Genuinely the most claustrophobic, intense, terrifying book I have read in my life!
There are so many twists, turns, and revelations that I never knew what was coming next. The closer I got to the end, the faster I read because I NEEDED to know.
Will Dean is a master of terror and tension!
I’m not going to lie, i have never been particularly interested in books set under the sea, or about diving etc, but when a new Will Dean book comes out, it doesn’t really matter what it’s about. I just have to read it.
Knowing very little about the diving world, I was extremely grateful for the glossary at the beginning of the book, and without out, I would have felt a bit lost. Saying that I still had to do a bit of googling, as I like to be able to visualise in my head what I’m reading, and a lot of the equipment and machinery I’d never seen before.

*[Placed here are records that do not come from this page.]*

(* Consider the networked feedback system described in the context and suppose it is mean-square input-output stable. Then $$\sum_{k=0}^{\infty}\hat{\mathcal S}(k)=\frac{1}{1-\|\Phi(z)G(z)\|_2^2}\quad\text{and}\quad \|\Phi(z)G(z)\|_2<1.$$
   Context: Setting: $P$ is a SISO discrete-time LTI plant, strictly proper (relative degree $\ge1$), $K$ a proper SISO LTI controller. Let $\tau\ge0$ be an integer, $\mathcal D=\{0,\dots,\tau\}$, $\{\tau_n\}$ i.i.d. with values in $\mathcal D$, $\Pr\{\tau_n=i\}=p_i$, $\sum_ip_i=1$. With real weights $\alpha_i$ and Kronecker delta $\delta$, the channel maps $u$ to $u_d(k)=\sum_{i=0}^{\tau}\alpha_i\delta(\tau_{k-i}-i)u(k-i)$. Closed loop: plant input $v-u_d$, plant output $y$, $u=Ky$; signals real, system at rest at $k=0$. Mean channel $H(z)=\sum_{i=0}^\tau\alpha_ip_iz^{-i}$. Let $\omega(k,n)=\alpha_{k-n}[\delta(\tau_n-(k-n))-p_{k-n}]$ for $n\le k\le n+\tau$, $0$ otherwise, and $d(k)=\sum_{i=0}^\tau\omega(k,k-i)u(k-i)$. Nominal system $G(z)=P(z)K(z)[1+P(z)K(z)H(z)]^{-1}$ with impulse response $g$ ($g(j)=0$ for $j\le0$); then $u(k)=\sum_{n=0}^kg(n)[v(k-n)-d(k-n)]$. Input assumption: $\{\tau_n\}$ independent of $\{v(k)\}$, $v$ zero-mean white noise with bounded variances. Mean-square input-output stable: $G$ stable (poles in open unit disc) and for every such $v$, $\mathbb E\{d^2(k)\}$ and $\mathbb E\{u^2(k)\}$ are bounded sequences. $\Phi(z)$ is a minimum-phase polynomial in $z^{-1}$ of degree $\tau$ with real coefficients such that $\Phi(z^{-1})\Phi(z)=\frac12\sum_{i_1,i_2=0}^{\tau}(\alpha_{i_1}z^{i_1}-\alpha_{i_2}z^{i_2})(\alpha_{i_1}z^{-i_1}-\alpha_{i_2}z^{-i_2})p_{i_1}p_{i_2}$. $\|F\|_2^2=\frac1{2\pi}\int_{-\pi}^{\pi}|F(e^{j\theta})|^2d\theta$. Define $\hat{\mathcal T}(m)=\frac12\sum_{i_1,i_2=0}^{\tau}[g(m-i_1)\alpha_{i_1}-g(m-i_2)\alpha_{i_2}]^2p_{i_1}p_{i_2}$ for $m\ge0$, $\hat{\mathcal S}(0)=1$ and $\hat{\mathcal S}(m)=\sum_{n=0}^{m-1}\hat{\mathcal S}(n)\hat{\mathcal T}(m-n)$ for $m\ge1$. *)

theory Defs
  imports "HOL-Analysis.Analysis" "HOL-Probability.Probability"
    "HOL-Computational_Algebra.Polynomial"
begin

definition tf :: "real poly \<Rightarrow> real poly \<Rightarrow> complex \<Rightarrow> complex" where
  "tf num den z = poly (map_poly complex_of_real num) z / poly (map_poly complex_of_real den) z"

definition mean_channel :: "nat \<Rightarrow> (nat \<Rightarrow> real) \<Rightarrow> (nat \<Rightarrow> real) \<Rightarrow> complex \<Rightarrow> complex" where
  "mean_channel tmax \<alpha> p z = (\<Sum>i\<le>tmax. complex_of_real (\<alpha> i * p i) * inverse z ^ i)"

definition nominal :: "(complex \<Rightarrow> complex) \<Rightarrow> (complex \<Rightarrow> complex) \<Rightarrow> (complex \<Rightarrow> complex)
    \<Rightarrow> complex \<Rightarrow> complex" where
  "nominal P K H z = P z * K z / (1 + P z * K z * H z)"

definition impulse_response :: "(complex \<Rightarrow> complex) \<Rightarrow> (nat \<Rightarrow> real) \<Rightarrow> bool" where
  "impulse_response F g \<longleftrightarrow>
     (\<exists>R. \<forall>z. R < cmod z \<longrightarrow> (\<lambda>j. complex_of_real (g j) * inverse z ^ j) sums F z)"

(* F is a stable rational transfer function: up to finitely many points (removable
   singularities / cancelled factors) it equals a proper rational function N/D whose
   poles all lie in the open unit disc *)
definition stable_tf :: "(complex \<Rightarrow> complex) \<Rightarrow> bool" where
  "stable_tf F \<longleftrightarrow> (\<exists>N D :: complex poly. D \<noteq> 0 \<and> degree N \<le> degree D \<and>
       (\<forall>z. 1 \<le> cmod z \<longrightarrow> poly D z \<noteq> 0) \<and>
       finite {z. F z \<noteq> poly N z / poly D z})"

Without giving too much of the story away, this is essentially a locked room murder mystery, set in a hyperbaric chamber with six saturation divers, under the North Sea. It was certainly a page turner and very tense right the way through. It was also extremely repetitive, and a lot of the things that happened just felt like the exact same thing, over and over, but with a different character name each time. I did not like the main character at all. I found her arrogant and extremely entitled, with the opinion that her job is much much harder than everybody else’s. I hope no astronauts read this book! I also found the end very confusing and had to go back and read the last chapter again, as I felt as if I’d missed something? I will never think of raspberry jam in the same way again! I didn’t love this book, butI didn’t hate it either. It did keep my attention however, and I read it in one night.
Thanks to the author, publisher, and Netgalley for a chance to read this book in exchange for an honest review.